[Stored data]
________________________

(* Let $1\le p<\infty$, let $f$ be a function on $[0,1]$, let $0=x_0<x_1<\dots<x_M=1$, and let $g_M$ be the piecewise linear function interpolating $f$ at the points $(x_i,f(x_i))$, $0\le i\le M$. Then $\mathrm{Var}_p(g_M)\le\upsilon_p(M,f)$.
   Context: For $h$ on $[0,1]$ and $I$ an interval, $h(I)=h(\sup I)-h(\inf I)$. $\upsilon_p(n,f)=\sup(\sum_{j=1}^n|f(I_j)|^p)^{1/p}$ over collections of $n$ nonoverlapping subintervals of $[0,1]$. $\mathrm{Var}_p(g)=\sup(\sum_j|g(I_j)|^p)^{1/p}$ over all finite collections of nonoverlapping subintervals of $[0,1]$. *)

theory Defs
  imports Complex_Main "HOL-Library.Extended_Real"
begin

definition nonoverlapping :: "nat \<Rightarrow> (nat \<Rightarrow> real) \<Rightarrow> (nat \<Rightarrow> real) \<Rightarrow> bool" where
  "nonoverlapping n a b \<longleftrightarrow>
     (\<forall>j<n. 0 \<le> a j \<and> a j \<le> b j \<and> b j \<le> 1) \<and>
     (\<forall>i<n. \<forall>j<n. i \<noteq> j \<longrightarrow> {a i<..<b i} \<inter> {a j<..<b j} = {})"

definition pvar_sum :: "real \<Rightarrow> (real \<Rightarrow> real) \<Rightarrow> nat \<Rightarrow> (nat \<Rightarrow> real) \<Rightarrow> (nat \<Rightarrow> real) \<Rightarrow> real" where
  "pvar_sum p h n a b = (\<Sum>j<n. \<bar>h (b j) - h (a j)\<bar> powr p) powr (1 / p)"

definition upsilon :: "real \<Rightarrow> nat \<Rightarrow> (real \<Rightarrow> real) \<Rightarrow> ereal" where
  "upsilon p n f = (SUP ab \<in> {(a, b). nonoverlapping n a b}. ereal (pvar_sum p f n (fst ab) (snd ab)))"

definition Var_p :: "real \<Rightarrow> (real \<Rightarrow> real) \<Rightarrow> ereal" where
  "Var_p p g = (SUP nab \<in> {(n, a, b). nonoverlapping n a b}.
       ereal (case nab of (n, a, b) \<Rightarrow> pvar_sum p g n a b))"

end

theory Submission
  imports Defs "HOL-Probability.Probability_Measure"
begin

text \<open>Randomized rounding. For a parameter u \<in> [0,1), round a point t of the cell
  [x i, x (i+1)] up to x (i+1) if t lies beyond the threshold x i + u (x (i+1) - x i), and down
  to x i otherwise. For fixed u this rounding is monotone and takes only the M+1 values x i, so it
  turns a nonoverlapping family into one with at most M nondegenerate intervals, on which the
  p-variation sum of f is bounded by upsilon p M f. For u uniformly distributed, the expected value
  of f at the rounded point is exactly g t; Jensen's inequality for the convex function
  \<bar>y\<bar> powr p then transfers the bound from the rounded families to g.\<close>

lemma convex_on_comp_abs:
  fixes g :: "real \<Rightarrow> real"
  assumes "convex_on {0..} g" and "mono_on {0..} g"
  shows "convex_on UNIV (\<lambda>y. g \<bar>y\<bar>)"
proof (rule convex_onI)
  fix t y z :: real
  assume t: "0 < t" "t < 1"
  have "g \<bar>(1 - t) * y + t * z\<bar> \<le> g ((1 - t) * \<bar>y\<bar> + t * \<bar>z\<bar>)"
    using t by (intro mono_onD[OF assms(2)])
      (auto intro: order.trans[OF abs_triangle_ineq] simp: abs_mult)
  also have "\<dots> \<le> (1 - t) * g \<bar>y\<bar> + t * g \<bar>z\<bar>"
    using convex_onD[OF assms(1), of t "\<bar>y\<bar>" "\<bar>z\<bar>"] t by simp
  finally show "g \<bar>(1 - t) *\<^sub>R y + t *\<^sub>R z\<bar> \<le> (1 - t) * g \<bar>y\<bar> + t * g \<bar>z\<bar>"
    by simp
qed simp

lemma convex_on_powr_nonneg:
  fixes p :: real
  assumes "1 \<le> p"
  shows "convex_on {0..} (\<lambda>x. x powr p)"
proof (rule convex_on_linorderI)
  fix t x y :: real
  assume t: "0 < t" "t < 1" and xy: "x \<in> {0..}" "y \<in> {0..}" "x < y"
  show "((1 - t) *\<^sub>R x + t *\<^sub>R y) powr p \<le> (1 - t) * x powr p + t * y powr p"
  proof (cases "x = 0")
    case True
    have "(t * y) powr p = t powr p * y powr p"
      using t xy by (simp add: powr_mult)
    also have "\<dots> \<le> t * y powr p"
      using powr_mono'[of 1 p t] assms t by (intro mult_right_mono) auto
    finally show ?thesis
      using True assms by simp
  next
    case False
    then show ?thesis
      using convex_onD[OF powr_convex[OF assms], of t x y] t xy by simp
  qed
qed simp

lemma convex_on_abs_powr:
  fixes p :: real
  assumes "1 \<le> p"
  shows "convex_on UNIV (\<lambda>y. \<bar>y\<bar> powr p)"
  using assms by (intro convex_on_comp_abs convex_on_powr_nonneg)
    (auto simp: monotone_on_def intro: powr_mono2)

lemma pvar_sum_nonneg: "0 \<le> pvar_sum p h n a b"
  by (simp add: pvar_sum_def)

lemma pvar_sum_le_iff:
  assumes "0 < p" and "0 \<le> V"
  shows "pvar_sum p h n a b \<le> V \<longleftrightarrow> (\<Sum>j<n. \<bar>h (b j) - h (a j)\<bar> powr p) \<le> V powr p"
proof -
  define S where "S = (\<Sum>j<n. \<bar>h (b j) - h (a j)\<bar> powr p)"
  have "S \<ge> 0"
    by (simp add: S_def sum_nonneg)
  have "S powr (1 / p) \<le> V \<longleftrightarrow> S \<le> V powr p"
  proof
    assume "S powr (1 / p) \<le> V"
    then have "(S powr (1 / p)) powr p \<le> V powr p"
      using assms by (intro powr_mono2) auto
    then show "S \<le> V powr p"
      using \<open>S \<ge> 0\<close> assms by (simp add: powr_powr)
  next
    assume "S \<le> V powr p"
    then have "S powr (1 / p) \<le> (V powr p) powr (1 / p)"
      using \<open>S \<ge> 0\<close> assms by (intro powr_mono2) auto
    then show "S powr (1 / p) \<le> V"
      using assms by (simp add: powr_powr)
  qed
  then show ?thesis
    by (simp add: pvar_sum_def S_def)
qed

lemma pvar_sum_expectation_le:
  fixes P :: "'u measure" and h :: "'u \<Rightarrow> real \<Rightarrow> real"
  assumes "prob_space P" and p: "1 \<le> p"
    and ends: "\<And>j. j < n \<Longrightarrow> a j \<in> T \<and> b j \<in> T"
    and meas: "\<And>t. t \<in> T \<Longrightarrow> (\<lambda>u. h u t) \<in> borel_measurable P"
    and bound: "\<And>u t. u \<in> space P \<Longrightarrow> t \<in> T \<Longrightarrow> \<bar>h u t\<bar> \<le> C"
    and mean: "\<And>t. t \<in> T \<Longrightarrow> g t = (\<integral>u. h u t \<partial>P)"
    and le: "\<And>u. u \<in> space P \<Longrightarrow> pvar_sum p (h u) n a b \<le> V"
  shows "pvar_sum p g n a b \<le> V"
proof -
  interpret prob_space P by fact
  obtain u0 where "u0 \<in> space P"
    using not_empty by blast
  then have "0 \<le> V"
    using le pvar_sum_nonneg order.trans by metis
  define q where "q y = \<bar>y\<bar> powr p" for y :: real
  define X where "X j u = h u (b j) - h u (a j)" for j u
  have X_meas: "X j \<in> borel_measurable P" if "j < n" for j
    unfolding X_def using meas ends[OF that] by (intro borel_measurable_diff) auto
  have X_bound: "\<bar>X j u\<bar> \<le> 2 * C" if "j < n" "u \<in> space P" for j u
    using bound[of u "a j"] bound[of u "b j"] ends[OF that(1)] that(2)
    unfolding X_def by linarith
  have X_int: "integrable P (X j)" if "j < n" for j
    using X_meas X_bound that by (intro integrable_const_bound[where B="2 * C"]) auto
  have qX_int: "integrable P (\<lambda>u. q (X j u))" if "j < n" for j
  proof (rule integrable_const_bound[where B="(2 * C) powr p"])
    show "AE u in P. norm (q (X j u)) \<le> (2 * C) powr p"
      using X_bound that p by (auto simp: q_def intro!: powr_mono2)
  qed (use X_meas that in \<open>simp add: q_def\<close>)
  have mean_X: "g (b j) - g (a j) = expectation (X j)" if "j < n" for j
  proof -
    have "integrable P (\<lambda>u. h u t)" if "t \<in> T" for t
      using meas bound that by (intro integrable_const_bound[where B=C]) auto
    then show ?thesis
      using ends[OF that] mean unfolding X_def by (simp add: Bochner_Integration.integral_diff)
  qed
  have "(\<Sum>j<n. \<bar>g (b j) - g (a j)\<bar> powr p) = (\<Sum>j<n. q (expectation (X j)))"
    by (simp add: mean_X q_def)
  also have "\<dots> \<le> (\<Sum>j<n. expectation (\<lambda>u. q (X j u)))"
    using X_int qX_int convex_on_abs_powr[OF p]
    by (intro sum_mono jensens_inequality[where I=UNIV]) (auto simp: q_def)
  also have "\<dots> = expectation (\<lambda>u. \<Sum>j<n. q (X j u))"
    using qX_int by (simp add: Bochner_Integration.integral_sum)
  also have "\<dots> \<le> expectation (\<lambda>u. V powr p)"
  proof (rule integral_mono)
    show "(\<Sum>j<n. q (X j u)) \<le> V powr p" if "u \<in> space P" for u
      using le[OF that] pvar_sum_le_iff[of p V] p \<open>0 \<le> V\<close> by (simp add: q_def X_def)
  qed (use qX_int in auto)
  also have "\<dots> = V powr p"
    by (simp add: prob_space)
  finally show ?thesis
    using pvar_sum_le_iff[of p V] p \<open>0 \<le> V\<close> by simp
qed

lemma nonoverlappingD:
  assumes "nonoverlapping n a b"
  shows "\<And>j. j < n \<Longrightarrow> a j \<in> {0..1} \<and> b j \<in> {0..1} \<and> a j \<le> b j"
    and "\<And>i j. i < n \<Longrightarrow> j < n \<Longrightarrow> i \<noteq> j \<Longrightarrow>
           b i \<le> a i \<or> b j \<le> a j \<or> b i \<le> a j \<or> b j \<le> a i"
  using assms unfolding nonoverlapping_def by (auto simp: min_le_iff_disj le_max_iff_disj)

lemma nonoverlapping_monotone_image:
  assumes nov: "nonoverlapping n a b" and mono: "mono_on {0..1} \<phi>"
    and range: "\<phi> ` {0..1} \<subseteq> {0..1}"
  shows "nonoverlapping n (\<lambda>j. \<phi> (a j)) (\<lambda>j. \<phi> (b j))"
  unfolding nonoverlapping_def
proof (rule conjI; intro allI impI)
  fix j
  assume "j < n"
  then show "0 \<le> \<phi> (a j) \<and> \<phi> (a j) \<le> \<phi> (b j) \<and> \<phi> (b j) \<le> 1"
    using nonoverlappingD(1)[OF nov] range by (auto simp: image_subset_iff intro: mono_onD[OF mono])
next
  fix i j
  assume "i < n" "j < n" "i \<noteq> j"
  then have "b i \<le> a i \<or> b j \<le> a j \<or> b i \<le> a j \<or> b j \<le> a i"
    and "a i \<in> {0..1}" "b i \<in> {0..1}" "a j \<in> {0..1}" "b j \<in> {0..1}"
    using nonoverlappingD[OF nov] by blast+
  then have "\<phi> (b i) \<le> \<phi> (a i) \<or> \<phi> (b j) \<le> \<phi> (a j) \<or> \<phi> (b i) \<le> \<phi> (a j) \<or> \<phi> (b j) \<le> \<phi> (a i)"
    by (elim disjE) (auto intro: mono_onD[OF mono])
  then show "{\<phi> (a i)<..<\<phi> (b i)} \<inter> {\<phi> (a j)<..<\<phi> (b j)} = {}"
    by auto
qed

________________________

Exercise: Copy out the entries above exactly as given, starting at the top and ending with the line containing "(\<forall>i<n. \<forall>j<n. i"; include both and nothing more.

Reply:
(* Let $1\le p<\infty$, let $f$ be a function on $[0,1]$, let $0=x_0<x_1<\dots<x_M=1$, and let $g_M$ be the piecewise linear function interpolating $f$ at the points $(x_i,f(x_i))$, $0\le i\le M$. Then $\mathrm{Var}_p(g_M)\le\upsilon_p(M,f)$.
   Context: For $h$ on $[0,1]$ and $I$ an interval, $h(I)=h(\sup I)-h(\inf I)$. $\upsilon_p(n,f)=\sup(\sum_{j=1}^n|f(I_j)|^p)^{1/p}$ over collections of $n$ nonoverlapping subintervals of $[0,1]$. $\mathrm{Var}_p(g)=\sup(\sum_j|g(I_j)|^p)^{1/p}$ over all finite collections of nonoverlapping subintervals of $[0,1]$. *)

theory Defs
  imports Complex_Main "HOL-Library.Extended_Real"
begin

definition nonoverlapping :: "nat \<Rightarrow> (nat \<Rightarrow> real) \<Rightarrow> (nat \<Rightarrow> real) \<Rightarrow> bool" where
  "nonoverlapping n a b \<longleftrightarrow>
     (\<forall>j<n. 0 \<le> a j \<and> a j \<le> b j \<and> b j \<le> 1) \<and>
     (\<forall>i<n. \<forall>j<n. i \<noteq> j \<longrightarrow> {a i<..<b i} \<inter> {a j<..<b j} = {})"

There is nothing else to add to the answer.